Wit and wisdom are continually juxtaposed in her lyrics. Her humor is always wry, pointed, but not vicious, just as often aimed at herself (or, at least, the character in the song) as anyone else. A perfect example is the second-funniest song in the album, I Forgot to Have Children. Relating the character’s childless state to losing keys, lockets, and cell phones, she exudes a cheeky humor rather than sarcasm, and doesn’t come down on either side of the “September moms” who abound today. Except for Scrabble , all the songs here generally reveal the psyche of women as they go through life, coping with a world that often seems like a dream—good or bad—that they have trouble grasping as if it were steam. The happiness of one song is mirrored by melancholia or confusion in another. I won’t even go into The Girl with the Lazy Eye because I can’t. I both loved and feared this song: loved it for its perfect word sculpture, as if etched in Dresden china, of the young woman as social outsider, feared it because I saw much of myself at that age in it. And there’s little in this music related to jazz other than a more subtle beat. It starts as a waltz and ends as one, accompanied only by solo piano, with a 4/4 bridge in the middle. It goes on for seven full minutes, yet does not sound one second too long. And I wasn’t the only one who choked up on these lyrics: in the middle, you can hear Feather start to choke up, too, though she pulls herself back in time to go on and finish it.


As usual, her voice is sweet, well tuned, and metrically fluid. Even if she weren’t singing her own lyrics, Feather would be one of our best jazz vocalists; but if she were just singing others’ songs, her art would not be half as meaningful.

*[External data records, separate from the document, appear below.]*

(* Let $\mathcal{X}$ be a finite alphabet and let $P_0,P_1$ be probability mass functions on $\mathcal{X}$ with the same support $\mathcal{X}$. Let $n>1$, let $k^\star\in(1,n]$ be an integer, and let $\mathcal{D}=(x_1,\dots,x_n)$ be a random dataset with independent entries such that $x_1,\dots,x_{k^\star-1}\sim P_0$ and $x_{k^\star},\dots,x_n\sim P_1$. Consider the estimator $$\hat k\in\arg\max_{k\in[n]} l(\mathcal{D},k),\qquad l(\mathcal{D},k)=\sum_{i=k}^{n}\log\frac{P_1(x_i)}{P_0(x_i)}.$$ Let $s=D^{J}_{\infty}(P_0,P_1)=\max_{x\in\mathcal{X}}\log\frac{P_1(x)}{P_0(x)}-\min_{x\in\mathcal{X}}\log\frac{P_1(x)}{P_0(x)}$ and $C=\min\{D_{\mathrm{KL}}(P_0\|P_1),D_{\mathrm{KL}}(P_1\|P_0)\}$. Then for every $\alpha\in[n]$, the estimator is $(\alpha,\beta)$-accurate with $$\beta\le 2\min\Bigg\{\sum_{i=1}^{i^*}\exp\Big(\frac{-2^{i-1}\alpha C^2}{s^2}\Big);\ \exp\big(-\alpha I_{ch}(P_0,P_1)\big)\Bigg\},$$ where $i^*=\lceil\log_2\big(\frac{n-1}{\alpha}\big)\rceil$; that is, $\mathbb{P}\{\hat k\notin[k^\star-\alpha,k^\star+\alpha]\}$ is at most the right-hand side.
   Context: $[a]=\{1,\dots,a\}$. All logarithms are natural. An estimator $\hat k$ of the change-point $k^\star$ is $(\alpha,\beta)$-accurate if $\mathbb{P}\{\hat k\notin[k^\star-\alpha,k^\star+\alpha]\}=\beta$. Chernoff information: $I_{ch}(P_0,P_1)=-\min_{\lambda\in(0,1)}\log\big(\sum_{x}P_0(x)^\lambda P_1(x)^{1-\lambda}\big)$. $D_\infty(P\|Q)=\log\max_x \frac{P(x)}{Q(x)}$ and $D^J_\infty(P,Q)=D_\infty(P\|Q)+D_\infty(Q\|P)$. *)

theory Defs
  imports "HOL-Probability.Probability"
begin

definition llr :: "'a pmf \<Rightarrow> 'a pmf \<Rightarrow> 'a \<Rightarrow> real" where
  "llr P0 P1 x = ln (pmf P1 x / pmf P0 x)"

definition loglik :: "'a pmf \<Rightarrow> 'a pmf \<Rightarrow> nat \<Rightarrow> (nat \<Rightarrow> 'a) \<Rightarrow> nat \<Rightarrow> real" where
  "loglik P0 P1 n D k = (\<Sum>i=k..n. llr P0 P1 (D i))"

definition dataset :: "'a pmf \<Rightarrow> 'a pmf \<Rightarrow> nat \<Rightarrow> nat \<Rightarrow> (nat \<Rightarrow> 'a) pmf" where
  "dataset P0 P1 n kstar = Pi_pmf {1..n} undefined (\<lambda>i. if i < kstar then P0 else P1)"

definition KL :: "'a::finite pmf \<Rightarrow> 'a pmf \<Rightarrow> real" where
  "KL P Q = (\<Sum>x\<in>UNIV. pmf P x * ln (pmf P x / pmf Q x))"

definition Dinf :: "'a::finite pmf \<Rightarrow> 'a pmf \<Rightarrow> real" where
  "Dinf P Q = ln (Max ((\<lambda>x. pmf P x / pmf Q x) ` UNIV))"

definition DinfJ :: "'a::finite pmf \<Rightarrow> 'a pmf \<Rightarrow> real" where
  "DinfJ P Q = Dinf P Q + Dinf Q P"

definition chernoff_info :: "'a::finite pmf \<Rightarrow> 'a pmf \<Rightarrow> real" where
  "chernoff_info P0 P1 =
     - (INF t\<in>{0<..<1::real}. ln (\<Sum>x\<in>UNIV. pmf P0 x powr t * pmf P1 x powr (1 - t)))"

end

theory Submission
  imports Defs
begin

text \<open>
  If the maximiser khat lies more than \<open>\<alpha>\<close> to the right of kstar, the log-likelihood
  ratios ln (P0/P1) of the samples with indices kstar, ..., khat - 1, all drawn from P1, have a
  nonnegative sum: a random walk with drift -KL(P1||P0) is nonnegative at some time at least
  \<open>\<alpha>\<close>. Symmetrically, an estimate too far to the left makes the walk of the ratios
  ln (P1/P0) under P0, read backwards from kstar - 1, nonnegative at some time at least \<open>\<alpha>\<close>.

  If the steps X of such a walk satisfy E exp (t X) \<le> exp (-r) with t, r \<ge> 0, the running
  products of exp (t X + r) form a nonnegative supermartingale of mean at most 1, so by Ville's
  maximal inequality the walk is nonnegative at a time at least \<open>\<alpha>\<close> with probability at most
  exp (-\<open>\<alpha>\<close> r). Hoeffding's lemma yields r = 2 KL^2 / s^2, and the Chernoff coefficient
  \<open>\<rho>\<close>(t) = \<open>\<Sum>\<close> P0^t P1^(1-t) yields r = -ln \<open>\<rho>\<close>(t) for every t, hence exp (-\<open>\<alpha>\<close> I_ch).
  A union bound over the two sides gives the factor 2; the Hoeffding bound obtained this way is
  already below the first term of the sum in the statement.
\<close>

lemma sum_pmf_UNIV: "(\<Sum>x\<in>UNIV. pmf (Q :: 'a::finite pmf) x) = 1"
  by (rule sum_pmf_eq_1) auto

lemma nn_integral_pmf_finite:
  fixes Q :: "'a::finite pmf"
  assumes "\<And>x. 0 \<le> f x"
  shows "(\<integral>\<^sup>+x. ennreal (f x) \<partial>Q) = ennreal (\<Sum>x\<in>UNIV. pmf Q x * f x)"
  using assms
  by (subst nn_integral_measure_pmf_support[where A = UNIV])
     (auto simp: ennreal_mult'[symmetric] mult.commute intro!: sum_ennreal)

lemma measure_bind_pmf_finite:
  fixes M :: "'a::finite pmf"
  shows "measure_pmf.prob (M \<bind> N) X = (\<Sum>y\<in>UNIV. pmf M y * measure_pmf.prob (N y) X)"
proof -
  have "emeasure (measure_pmf (M \<bind> N)) X = ennreal (\<Sum>y\<in>UNIV. pmf M y * measure_pmf.prob (N y) X)"
    by (subst emeasure_bind_pmf) (simp add: measure_pmf.emeasure_eq_measure nn_integral_pmf_finite)
  moreover have "0 \<le> (\<Sum>y\<in>UNIV. pmf M y * measure_pmf.prob (N y) X)"
    by (intro sum_nonneg) simp
  ultimately show ?thesis
    by (simp add: measure_pmf.emeasure_eq_measure)
qed
lemma is_Pi_down_swap_pattern231:
  assumes w: "w \<in> SJ n J" and pat: "pattern231 n J w i j k"
  shows "is_Pi_down n J (w \<circ> transpose i k) z \<longleftrightarrow> is_Pi_down n J w z"
proof -
  have "weak_le n y (w \<circ> transpose i k) \<longleftrightarrow> weak_le n y w"
    if "y \<in> SJ n J" "avoids231 n J y" for y
  proof -
    have "y permutes {1..n}"
      using that(1) by (simp add: SJ_def)
    then have "(i, k) \<notin> inv_set n y" if "inv_set n y \<subseteq> inv_set n w"
      using pattern231_top_not_inv_below[OF _ _ that pat] \<open>avoids231 n J y\<close> by blast
    then show ?thesis
      using swap_pattern231(2)[OF w pat] by (auto simp: weak_le_def)
  qed
  then show ?thesis
    unfolding is_Pi_down_def by blast
qed

lemma is_Pi_up_swap_pattern132:
  assumes w: "w \<in> SJ n J" and pat: "pattern132 n J w i j k"
  shows "is_Pi_up n J (w \<circ> transpose i k) z \<longleftrightarrow> is_Pi_up n J w z"
proof -
  have "weak_le n (w \<circ> transpose i k) y \<longleftrightarrow> weak_le n w y"
    if "y \<in> SJ n J" "avoids132 n J y" for y
  proof -
    have "y permutes {1..n}" "inj w"
      using that(1) w permutes_inj by (auto simp: SJ_def)
    then have "(i, k) \<in> inv_set n y" if "inv_set n w \<subseteq> inv_set n y"
      using pattern132_top_inv_above[OF _ _ that _ pat] \<open>avoids132 n J y\<close> by blast
    then show ?thesis
      using swap_pattern132(2)[OF w pat] by (auto simp: weak_le_def)
  qed
  then show ?thesis
    unfolding is_Pi_up_def by blast
qed

definition persistent_inversion :: "nat \<Rightarrow> nat set \<Rightarrow> (nat \<Rightarrow> nat) \<Rightarrow> nat \<Rightarrow> nat \<Rightarrow> bool" where
  "persistent_inversion n J w i k \<longleftrightarrow> (i, k) \<in> inv_set n w \<and>
     (\<forall>j. i < j \<and> j < k \<and> diff_regions n J i j k \<longrightarrow> (j, k) \<notin> inv_set n w)"

definition persistent_noninversion :: "nat \<Rightarrow> nat set \<Rightarrow> (nat \<Rightarrow> nat) \<Rightarrow> nat \<Rightarrow> nat \<Rightarrow> bool" where
  "persistent_noninversion n J w i k \<longleftrightarrow> (i, k) \<notin> inv_set n w \<and>
     (\<forall>j. i < j \<and> j < k \<and> diff_regions n J i j k \<longrightarrow> (i, j) \<in> inv_set n w)"

lemma is_Pi_down_exists:
  assumes "w \<in> SJ n J"
  shows "\<exists>z. is_Pi_down n J w z \<and> (\<forall>i k. persistent_inversion n J w i k \<longrightarrow> (i, k) \<in> inv_set n z)"
  using assms
proof (induction "card (inv_set n w)" arbitrary: w rule: less_induct)
  case less
  show ?case
  proof (cases "avoids231 n J w")
    case True
    with less.prems have "is_Pi_down n J w w"
      by (simp add: is_Pi_down_def weak_le_def)
    then show ?thesis
      by (auto simp: persistent_inversion_def)
  next
    case False
    then obtain i j k where pat: "pattern231 n J w i j k"
      by (auto simp: avoids231_iff)
    let ?w' = "w \<circ> transpose i k"
    note swap = swap_pattern231[OF less.prems pat]
    have "(i, k) \<in> inv_set n w" "(j, k) \<in> inv_set n w"
      using pat by (auto simp: pattern231_def inv_set_def)
    then have "card (inv_set n ?w') < card (inv_set n w)"
      using swap(2) card_Diff1_less[OF finite_inv_set] by simp
    then obtain z where z: "is_Pi_down n J ?w' z"
      and persists: "\<forall>a b. persistent_inversion n J ?w' a b \<longrightarrow> (a, b) \<in> inv_set n z"
      using less.hyps swap(1) by blast
    have "persistent_inversion n J ?w' a b" if "persistent_inversion n J w a b" for a b
      using that swap(2) pat \<open>(j, k) \<in> inv_set n w\<close>
      by (auto simp: persistent_inversion_def pattern231_def)
    then show ?thesis
      using z persists is_Pi_down_swap_pattern231[OF less.prems pat] by blast
  qed
qed

lemma is_Pi_up_exists:
  assumes "w \<in> SJ n J"
  shows "\<exists>z. is_Pi_up n J w z \<and> (\<forall>i k. persistent_noninversion n J w i k \<longrightarrow> (i, k) \<notin> inv_set n z)"
  using assms
proof (induction "card ({1..n} \<times> {1..n} - inv_set n w)" arbitrary: w rule: less_induct)
  case less
  show ?case
  proof (cases "avoids132 n J w")
    case True
    with less.prems have "is_Pi_up n J w w"
      by (simp add: is_Pi_up_def weak_le_def)
    then show ?thesis
      by (auto simp: persistent_noninversion_def)
  next
    case False
    then obtain i j k where pat: "pattern132 n J w i j k"
      by (auto simp: avoids132_iff)
    let ?w' = "w \<circ> transpose i k"
    note swap = swap_pattern132[OF less.prems pat]
    have "(i, k) \<notin> inv_set n w" "(i, j) \<notin> inv_set n w" "(i, k) \<in> {1..n} \<times> {1..n}"
      using pat by (auto simp: pattern132_def inv_set_def)
    then have "{1..n} \<times> {1..n} - inv_set n ?w' \<subset> {1..n} \<times> {1..n} - inv_set n w"
      using swap(2) by blast
    then have "card ({1..n} \<times> {1..n} - inv_set n ?w') < card ({1..n} \<times> {1..n} - inv_set n w)"
      by (simp add: psubset_card_mono)
    then obtain z where z: "is_Pi_up n J ?w' z"
      and persists: "\<forall>a b. persistent_noninversion n J ?w' a b \<longrightarrow> (a, b) \<notin> inv_set n z"
      using less.hyps swap(1) by blast
    have "persistent_noninversion n J ?w' a b" if "persistent_noninversion n J w a b" for a b
      using that swap(2) pat \<open>(i, j) \<notin> inv_set n w\<close>
      by (auto simp: persistent_noninversion_def pattern132_def)
    then show ?thesis
      using z persists is_Pi_up_swap_pattern132[OF less.prems pat] by blast
  qed
qed

lemma is_Pi_down_Pi_down: "w \<in> SJ n J \<Longrightarrow> is_Pi_down n J w (Pi_down n J w)"
  using is_Pi_down_exists Pi_down_eqI by metis

lemma is_Pi_up_Pi_up: "w \<in> SJ n J \<Longrightarrow> is_Pi_up n J w (Pi_up n J w)"
  using is_Pi_up_exists Pi_up_eqI by metis

lemma inv_set_Pi_down_subset: "w \<in> SJ n J \<Longrightarrow> inv_set n (Pi_down n J w) \<subseteq> inv_set n w"
  using is_Pi_down_Pi_down by (auto simp: is_Pi_down_def weak_le_def)

lemma inv_set_Pi_up_supset: "w \<in> SJ n J \<Longrightarrow> inv_set n w \<subseteq> inv_set n (Pi_up n J w)"
  using is_Pi_up_Pi_up by (auto simp: is_Pi_up_def weak_le_def)

lemma Pi_down_swap_pattern231:
  "w \<in> SJ n J \<Longrightarrow> pattern231 n J w i j k \<Longrightarrow> Pi_down n J (w \<circ> transpose i k) = Pi_down n J w"
  by (metis Pi_down_eqI is_Pi_down_Pi_down is_Pi_down_swap_pattern231)

lemma Pi_up_swap_pattern132:
  "w \<in> SJ n J \<Longrightarrow> pattern132 n J w i j k \<Longrightarrow> Pi_up n J (w \<circ> transpose i k) = Pi_up n J w"
  by (metis Pi_up_eqI is_Pi_up_Pi_up is_Pi_up_swap_pattern132)

lemma persistent_inversion_Pi_down:
  "w \<in> SJ n J \<Longrightarrow> persistent_inversion n J w i k \<Longrightarrow> (i, k) \<in> inv_set n (Pi_down n J w)"
  by (metis Pi_down_eqI is_Pi_down_exists)

lemma persistent_noninversion_Pi_up:
  "w \<in> SJ n J \<Longrightarrow> persistent_noninversion n J w i k \<Longrightarrow> (i, k) \<notin> inv_set n (Pi_up n J w)"
  by (metis Pi_up_eqI is_Pi_up_exists)

lemma weak_cover_swap:
  assumes u: "u permutes {1..n}" and v: "v permutes {1..n}" and cover: "weak_cover n u v"
  obtains i k where "inv_set n v - inv_set n u = {(i, k)}" "v i = Suc (v k)" "u = v \<circ> transpose i k"
proof -
  obtain i k where sub: "inv_set n u \<subseteq> inv_set n v" and diff: "inv_set n v - inv_set n u = {(i, k)}"
    and adj: "v i = Suc (v k)"
    using cover by (auto simp: weak_cover_def)
  then have ik: "1 \<le> i" "i < k" "k \<le> n"
    by (auto simp: inv_set_def)
  have "inv_set n (v \<circ> transpose i k) = inv_set n u"
    using inv_set_swap_adjacent_values[OF permutes_inj[OF v] ik(2) adj] sub diff by blast
  moreover have "v \<circ> transpose i k permutes {1..n}"
    using permutes_compose[OF permutes_swap_id v] ik by simp
  ultimately have "u = v \<circ> transpose i k"
    using permutes_eq_if_inv_set_eq u by metis
  with diff adj show ?thesis
    using that by blast
qed

lemma persistent_if_no_pattern231:
  assumes v: "v permutes {1..n}" and ik: "(i, k) \<in> inv_set n v" and adj: "v i = Suc (v k)"
    and no_pat: "\<nexists>j. pattern231 n J v i j k"
  shows "persistent_inversion n J v i k"
    and "persistent_noninversion n J (v \<circ> transpose i k) i k"
proof -
  have range: "1 \<le> i" "i < k" "k \<le> n"
    using ik by (auto simp: inv_set_def)
  have below: "v j < v k" if "i < j" "j < k" "diff_regions n J i j k" for j
  proof -
    have "\<not> v i < v j"
      using no_pat that range adj by (auto simp: pattern231_def)
    moreover have "v j \<noteq> v i" "v j \<noteq> v k"
      using that permutes_inj[OF v] by (auto simp: inj_eq)
    ultimately show ?thesis
      using adj by linarith
  qed
  show "persistent_inversion n J v i k"
    using ik by (auto simp: persistent_inversion_def inv_set_def dest: below)
  have "(i, k) \<notin> inv_set n (v \<circ> transpose i k)"
    using inv_set_swap_adjacent_values[OF permutes_inj[OF v] range(2) adj] by simp
  moreover have "(i, j) \<in> inv_set n (v \<circ> transpose i k)"
    if "i < j" "j < k" "diff_regions n J i j k" for j
    using below[OF that] that range by (simp add: inv_set_def)
  ultimately show "persistent_noninversion n J (v \<circ> transpose i k) i k"
    by (simp add: persistent_noninversion_def)
qed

In many ways, then, this is her most personal album and decidedly the most musically eclectic. Much of the jazz here is really good, featuring some outstanding solos, not often heard on her previous albums, but Girl with the Lazy Eye and Perugia, based on Mendelssohn’s Venetianisches Gondellied , are only jazz in the sense of playing with time. This isn’t to say that the music isn’t good, just that it’s extremely subtle. The same is true of Peculiar Universe , one of the most surreal tunes she has ever sung (for which I give her tremendous credit), and another song that choked me up. Since it was written by Béla Fleck as Circus of Regrets , it’s one of the two real vocalese works on the CD ( A Lot to Remember, based on Charlie Christian’s Waitin’ for Benny, is the other). Yet the CD’s greatness lies in this very eclecticism. I was so overwhelmed by this album that it took me a full week to get my head together and write this review; I can scarcely imagine how she will follow it up. If you are open to new experiences, this album will hit you hard and, for women especially, stay with you.